Page MenuHomePhabricator

cp5001 memory errors on DIMM A2
Open, MediumPublic

Description

cp5001.eqsin.wmnet reports the following error from racadm getsel:

-------------------------------------------------------------------------------
Record:      42
Date/Time:   07/31/2022 01:02:16
Source:      system
Severity:    Ok
Description: A problem was detected in Memory Reference Code (MRC).
-------------------------------------------------------------------------------
Record:      43
Date/Time:   07/31/2022 01:02:16
Source:      system
Severity:    Critical
Description: Multi-bit memory errors detected on a memory device at location(s) DIMM_A2.
-------------------------------------------------------------------------------
Record:      44
Date/Time:   07/31/2022 01:02:16
Source:      system
Severity:    Critical
Description: Multi-bit memory errors detected on a memory device at location(s) DIMM_A2.
-------------------------------------------------------------------------------

Event Timeline

Mentioned in SAL (#wikimedia-operations) [2022-07-31T18:13:48Z] <sukhe@cumin2002> START - Cookbook sre.hosts.downtime for 7 days, 0:00:00 on cp5001.eqsin.wmnet with reason: depooled: faulty DIMM: T314256

Mentioned in SAL (#wikimedia-operations) [2022-07-31T18:14:04Z] <sukhe@cumin2002> END (PASS) - Cookbook sre.hosts.downtime (exit_code=0) for 7 days, 0:00:00 on cp5001.eqsin.wmnet with reason: depooled: faulty DIMM: T314256

Vgutierrez triaged this task as Medium priority.Jul 31 2022, 6:21 PM
Vgutierrez moved this task from Triage to Active Issues on the Traffic board.
Vgutierrez added a subscriber: Vgutierrez.

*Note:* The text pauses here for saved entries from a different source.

lemma open_segment_in_interior:
  assumes "u \<in> tri a b c" "x \<in> tri a b c"
    and "bary a u > 0 \<or> bary a x > 0" "bary b u > 0 \<or> bary b x > 0" "bary c u > 0 \<or> bary c x > 0"
  shows "open_segment u x \<subseteq> interior (tri a b c)"
proof
  fix y assume "y \<in> open_segment u x"
  then obtain t where t: "0 < t" "t < 1" "y = (1 - t) *\<^sub>R u + t *\<^sub>R x"
    by (auto simp: in_segment)
  have pos: "(1 - t) * p + t * q > 0" if "p \<ge> 0" "q \<ge> 0" "p > 0 \<or> q > 0" for p q :: real
    using that t by (smt (verit) mult_pos_pos mult_nonneg_nonneg)
  show "y \<in> interior (tri a b c)"
    unfolding mem_interior_tri_iff t(3) bary_convex_comb using assms mem_tri_iff pos by meson
qed

lemma open_segment_not_in_side:
  assumes "u \<noteq> x" "open_segment u x \<subseteq> interior (tri a b c)" "v \<in> verts" "bary v u = 0"
    "bary v x = 0"
  shows False
proof -
  let ?y = "(1 - 1/2) *\<^sub>R u + (1/2::real) *\<^sub>R x"
  have "?y \<in> open_segment u x"
    using assms(1) unfolding in_segment by (intro conjI exI[of _ "1/2"]) auto
  then have "?y \<in> interior (tri a b c)" using assms(2) by blast
  then have "bary v ?y > 0" using assms(3) unfolding mem_interior_tri_iff by auto
  then show False unfolding bary_convex_comb using assms(4,5) by simp
qed

lemma bary_ext: "bary a z = bary a z' \<Longrightarrow> bary b z = bary b z' \<Longrightarrow> bary c z = bary c z' \<Longrightarrow> z = z'"
  using bary_decomp[of z] bary_decomp[of z'] by simp

lemma bary_sum_distinct:
  assumes "V \<in> verts" "X \<in> verts" "Y \<in> verts" "V \<noteq> X" "V \<noteq> Y" "X \<noteq> Y"
  shows "bary V z + bary X z + bary Y z = 1"
proof -
  have "{V, X, Y} = verts" using assms by auto
  then consider "V = a" "X = b" "Y = c" | "V = a" "X = c" "Y = b" | "V = b" "X = a" "Y = c"
    | "V = b" "X = c" "Y = a" | "V = c" "X = a" "Y = b" | "V = c" "X = b" "Y = a"
    using assms distinct_abc by blast
  then show ?thesis using bary_sum[of z] by cases (simp_all add: algebra_simps)
qed

lemma bary_ext_distinct:
  assumes "V \<in> verts" "X \<in> verts" "Y \<in> verts" "V \<noteq> X" "V \<noteq> Y" "X \<noteq> Y"
    and "bary V z = bary V z'" "bary X z = bary X z'" "bary Y z = bary Y z'"
  shows "z = z'"
proof -
  have "w = V \<or> w = X \<or> w = Y" if "w \<in> verts" for w using that assms(1-6) by auto
  then have "\<And>w. w \<in> verts \<Longrightarrow> bary w z = bary w z'" using assms(7-9) by blast
  then show ?thesis using bary_ext by simp
qed

end

section \<open>Points on the sides\<close>

context billiard_triangle
begin

text \<open>Sides are named by their opposite vertex: on_side w z says that z lies in the relative
  interior of the side opposite w.\<close>

definition on_side :: "complex \<Rightarrow> complex \<Rightarrow> bool" where
  "on_side w z \<longleftrightarrow> w \<in> verts \<and> bary w z = 0 \<and> (\<forall>v\<in>verts. v \<noteq> w \<longrightarrow> bary v z > 0)"

lemma on_side_vertex: "on_side w z \<Longrightarrow> w \<in> verts" by (simp add: on_side_def)

lemma on_side_bary_0: "on_side w z \<Longrightarrow> bary w z = 0" by (simp add: on_side_def)

lemma on_side_bary_pos: assumes "on_side w z" "v \<in> verts" "v \<noteq> w" shows "bary v z > 0"
  using assms unfolding on_side_def by blast

lemma eq_vertex_if_bary: "bary a z = 1 \<Longrightarrow> bary b z = 0 \<Longrightarrow> bary c z = 0 \<Longrightarrow> z = a"
  "bary a z = 0 \<Longrightarrow> bary b z = 1 \<Longrightarrow> bary c z = 0 \<Longrightarrow> z = b"
  "bary a z = 0 \<Longrightarrow> bary b z = 0 \<Longrightarrow> bary c z = 1 \<Longrightarrow> z = c"
  using bary_decomp[of z] by simp_all

lemma frontier_minus_verts_iff: "z \<in> frontier (tri a b c) \<and> z \<notin> verts \<longleftrightarrow> (\<exists>w. on_side w z)"
proof
  assume H: "z \<in> frontier (tri a b c) \<and> z \<notin> verts"
  then have ge: "bary a z \<ge> 0" "bary b z \<ge> 0" "bary c z \<ge> 0"
    and nz: "\<not> (bary a z > 0 \<and> bary b z > 0 \<and> bary c z > 0)"
    using mem_frontier_tri_iff mem_tri_iff by auto
  have s: "bary a z + bary b z + bary c z = 1" by (rule bary_sum)
  have nv: "z \<noteq> a" "z \<noteq> b" "z \<noteq> c" using H by auto
  show "\<exists>w. on_side w z"
  proof (cases "bary a z = 0")
    case True
    then have "bary b z \<noteq> 0" "bary c z \<noteq> 0" using eq_vertex_if_bary s nv by auto
    then show ?thesis using True ge distinct_abc by (intro exI[of _ a]) (auto simp: on_side_def)
  next
    case Fa: False
    show ?thesis
    proof (cases "bary b z = 0")
      case True
      then have "bary c z \<noteq> 0" using eq_vertex_if_bary s nv Fa by auto
      then show ?thesis using True Fa ge distinct_abc
        by (intro exI[of _ b]) (auto simp: on_side_def)
    next
      case False
      then have "bary c z = 0" using nz ge Fa by auto
      then show ?thesis using False Fa ge distinct_abc
        by (intro exI[of _ c]) (auto simp: on_side_def)
    qed
  qed
next
  assume "\<exists>w. on_side w z"
  then obtain w where w: "on_side w z" by blast
  then have "z \<in> tri a b c" "\<not> (bary a z > 0 \<and> bary b z > 0 \<and> bary c z > 0)"
    unfolding on_side_def mem_tri_iff by (auto simp: less_imp_le)
  moreover have "z \<notin> verts"
    using w distinct_abc unfolding on_side_def by (auto simp: bary_vertices)
  ultimately show "z \<in> frontier (tri a b c) \<and> z \<notin> verts" using mem_frontier_tri_iff by auto
qed

lemma on_side_unique: "on_side w z \<Longrightarrow> on_side w' z \<Longrightarrow> w = w'"
  unfolding on_side_def by force

lemma on_side_in_tri: "on_side w z \<Longrightarrow> z \<in> tri a b c"
  unfolding on_side_def mem_tri_iff by (auto simp: less_imp_le)

definition opp_vertex :: "complex \<Rightarrow> complex" where
  "opp_vertex z = (SOME w. on_side w z)"

lemma opp_vertexI: "on_side w z \<Longrightarrow> opp_vertex z = w"
  unfolding opp_vertex_def by (metis on_side_unique someI)

lemma on_side_opp_vertex: "on_side w z \<Longrightarrow> on_side (opp_vertex z) z"
  using opp_vertexI by simp

lemma bary_vertex: "r \<in> verts \<Longrightarrow> p \<in> verts \<Longrightarrow> bary r p = (if r = p then 1 else 0)"
  using distinct_abc bary_vertices by auto

lemma on_side_segment:
  assumes "on_side u z1" "on_side u z2" "0 \<le> t" "t \<le> 1"
  shows "on_side u (z1 + t *\<^sub>R (z2 - z1))"
  unfolding on_side_def bary_segment
proof (intro conjI ballI impI)
  show "u \<in> verts" using assms(1) on_side_vertex by blast
  show "(1 - t) * bary u z1 + t * bary u z2 = 0" using assms on_side_bary_0 by simp
  fix v assume v: "v \<in> verts" "v \<noteq> u"
  have "bary v z1 > 0" "bary v z2 > 0" using on_side_bary_pos assms(1,2) v by blast+
  then show "(1 - t) * bary v z1 + t * bary v z2 > 0" using assms(3,4)
    by (cases "t = 0") (auto intro: add_pos_nonneg add_nonneg_pos mult_pos_pos)
qed

lemma on_side_open_segment_interior:
  assumes "on_side u z" "z' \<in> tri a b c" "bary u z' > 0"
  shows "z \<noteq> z' \<and> open_segment z z' \<subseteq> interior (tri a b c)"
proof
  show "z \<noteq> z'" using assms on_side_bary_0 by force
  have u: "u \<in> verts" using assms on_side_vertex by blast
  have "\<And>v. v \<in> verts \<Longrightarrow> bary v z > 0 \<or> bary v z' > 0"
    using on_side_bary_pos[OF assms(1)] assms(3) by blast
  then show "open_segment z z' \<subseteq> interior (tri a b c)"
    using open_segment_in_interior[OF on_side_in_tri[OF assms(1)] assms(2)] by blast
qed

I've set it as inactive rather than just depool it to let pybal ignore it regarding depooling threshold

Mentioned in SAL (#wikimedia-operations) [2022-08-08T14:46:44Z] <sukhe@cumin2002> START - Cookbook sre.hosts.downtime for 7 days, 0:00:00 on cp5001.eqsin.wmnet with reason: depooled: faulty DIMM: T314256

Mentioned in SAL (#wikimedia-operations) [2022-08-08T14:47:00Z] <sukhe@cumin2002> END (PASS) - Cookbook sre.hosts.downtime (exit_code=0) for 7 days, 0:00:00 on cp5001.eqsin.wmnet with reason: depooled: faulty DIMM: T314256

wiki_willy added a subscriber: wiki_willy.

Assigning over to Rob, who's currently working on getting the eqsin hardware refresh ordered.

@wiki_willy @RobH I'm assuming this host will be decommissioned rather than fixed considering that we are already working in refreshing eqsin?

meanwhile I'll remove it from puppet, cause it's been a month since the host crashed and it already got prunned from puppetdb

Change 829118 had a related patch set uploaded (by Vgutierrez; author: Vgutierrez):

[operations/puppet@production] cache: Remove cp5001

https://gerrit.wikimedia.org/r/829118

Change 829118 merged by Vgutierrez:

[operations/puppet@production] cache: Remove cp5001

https://gerrit.wikimedia.org/r/829118

Hi @Vgutierrez - yeah, probably makes more sense to replace than purchase a replacement part, since the new servers have already been ordered and are expected to arrive in October. Thanks, Willy

@wiki_willy @RobH I'm assuming this host will be decommissioned rather than fixed considering that we are already working in refreshing eqsin?

@wiki_willy @RobH I'm assuming this host will be decommissioned rather than fixed considering that we are already working in refreshing eqsin?

I assumed exactly the same thing =]